**What is needed**: The line containing "then show ?thesis using False" marks where to begin. Write out that line and every line after it exactly, through the last line below.

-- Given data follows --

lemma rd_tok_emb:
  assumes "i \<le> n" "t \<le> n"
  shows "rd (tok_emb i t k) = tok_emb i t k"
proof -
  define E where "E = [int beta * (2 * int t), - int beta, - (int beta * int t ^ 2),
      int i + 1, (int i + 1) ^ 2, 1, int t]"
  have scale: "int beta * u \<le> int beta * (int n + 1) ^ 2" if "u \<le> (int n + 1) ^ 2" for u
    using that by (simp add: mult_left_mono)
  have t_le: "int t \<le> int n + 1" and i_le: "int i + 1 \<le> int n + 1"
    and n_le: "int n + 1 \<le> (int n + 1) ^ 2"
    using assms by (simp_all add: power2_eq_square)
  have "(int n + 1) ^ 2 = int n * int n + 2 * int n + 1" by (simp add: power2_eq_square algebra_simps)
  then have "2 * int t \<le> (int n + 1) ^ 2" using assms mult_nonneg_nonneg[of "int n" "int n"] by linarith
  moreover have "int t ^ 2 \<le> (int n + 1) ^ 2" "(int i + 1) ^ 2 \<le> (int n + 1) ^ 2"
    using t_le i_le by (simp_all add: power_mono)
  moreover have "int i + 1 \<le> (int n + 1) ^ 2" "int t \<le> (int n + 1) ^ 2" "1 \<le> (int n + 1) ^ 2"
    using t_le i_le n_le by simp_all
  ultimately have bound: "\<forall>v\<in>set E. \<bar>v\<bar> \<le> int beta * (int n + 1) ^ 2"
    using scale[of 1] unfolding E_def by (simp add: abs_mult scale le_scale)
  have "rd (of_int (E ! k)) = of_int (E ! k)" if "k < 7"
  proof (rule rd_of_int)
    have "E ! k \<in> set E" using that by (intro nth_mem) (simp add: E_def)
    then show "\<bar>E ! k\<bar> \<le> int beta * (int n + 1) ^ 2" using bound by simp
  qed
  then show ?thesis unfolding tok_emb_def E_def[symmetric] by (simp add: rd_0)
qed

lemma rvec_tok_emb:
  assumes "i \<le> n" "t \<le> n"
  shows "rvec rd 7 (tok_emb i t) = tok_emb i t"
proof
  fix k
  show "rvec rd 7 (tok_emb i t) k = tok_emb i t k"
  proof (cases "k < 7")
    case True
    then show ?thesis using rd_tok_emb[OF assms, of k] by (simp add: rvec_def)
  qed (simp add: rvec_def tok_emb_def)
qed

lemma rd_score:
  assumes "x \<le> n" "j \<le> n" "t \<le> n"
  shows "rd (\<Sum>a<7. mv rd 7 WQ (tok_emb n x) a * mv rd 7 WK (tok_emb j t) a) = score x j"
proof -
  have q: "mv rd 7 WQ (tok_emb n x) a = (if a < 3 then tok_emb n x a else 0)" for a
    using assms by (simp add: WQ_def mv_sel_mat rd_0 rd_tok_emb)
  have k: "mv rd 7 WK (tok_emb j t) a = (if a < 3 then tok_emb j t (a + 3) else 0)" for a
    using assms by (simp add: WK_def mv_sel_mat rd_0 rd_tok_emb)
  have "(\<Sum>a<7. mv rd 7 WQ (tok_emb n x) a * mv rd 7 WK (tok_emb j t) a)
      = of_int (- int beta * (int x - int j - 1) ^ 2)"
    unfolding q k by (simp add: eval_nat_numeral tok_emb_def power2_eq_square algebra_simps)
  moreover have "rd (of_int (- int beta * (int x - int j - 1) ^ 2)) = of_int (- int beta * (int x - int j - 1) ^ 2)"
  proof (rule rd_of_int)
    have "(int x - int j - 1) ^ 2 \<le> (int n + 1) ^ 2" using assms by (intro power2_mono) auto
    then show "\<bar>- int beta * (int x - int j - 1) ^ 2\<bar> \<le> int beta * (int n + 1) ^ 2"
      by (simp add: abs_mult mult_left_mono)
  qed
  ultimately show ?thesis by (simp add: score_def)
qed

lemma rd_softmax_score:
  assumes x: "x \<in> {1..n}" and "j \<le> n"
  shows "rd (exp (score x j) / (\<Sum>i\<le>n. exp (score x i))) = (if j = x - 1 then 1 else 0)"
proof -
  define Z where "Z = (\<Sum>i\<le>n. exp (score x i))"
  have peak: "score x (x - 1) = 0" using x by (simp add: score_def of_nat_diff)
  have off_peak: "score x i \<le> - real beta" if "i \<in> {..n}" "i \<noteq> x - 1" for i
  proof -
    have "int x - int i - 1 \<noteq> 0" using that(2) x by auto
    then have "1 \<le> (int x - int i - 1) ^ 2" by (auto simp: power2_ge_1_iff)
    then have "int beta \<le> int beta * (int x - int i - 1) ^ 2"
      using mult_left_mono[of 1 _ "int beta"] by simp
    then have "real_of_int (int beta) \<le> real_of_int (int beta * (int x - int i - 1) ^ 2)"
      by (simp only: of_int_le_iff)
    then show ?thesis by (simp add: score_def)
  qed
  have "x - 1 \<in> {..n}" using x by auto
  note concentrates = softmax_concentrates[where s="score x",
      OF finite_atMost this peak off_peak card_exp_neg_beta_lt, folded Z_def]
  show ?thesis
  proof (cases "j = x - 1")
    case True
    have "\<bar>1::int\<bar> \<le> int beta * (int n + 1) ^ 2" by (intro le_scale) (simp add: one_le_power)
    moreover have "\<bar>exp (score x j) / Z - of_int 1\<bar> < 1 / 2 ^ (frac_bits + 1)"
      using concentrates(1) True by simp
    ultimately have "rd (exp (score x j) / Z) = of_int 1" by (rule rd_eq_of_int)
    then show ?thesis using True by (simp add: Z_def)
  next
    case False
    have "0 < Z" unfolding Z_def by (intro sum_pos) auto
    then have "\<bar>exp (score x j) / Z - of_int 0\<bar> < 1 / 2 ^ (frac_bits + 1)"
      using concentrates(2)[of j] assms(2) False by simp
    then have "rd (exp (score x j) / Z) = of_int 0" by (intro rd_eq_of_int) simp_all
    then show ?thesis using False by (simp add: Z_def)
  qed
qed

-- Given data concluded --

**Solution below**:
    then show ?thesis using False by (simp add: Z_def)
  qed
qed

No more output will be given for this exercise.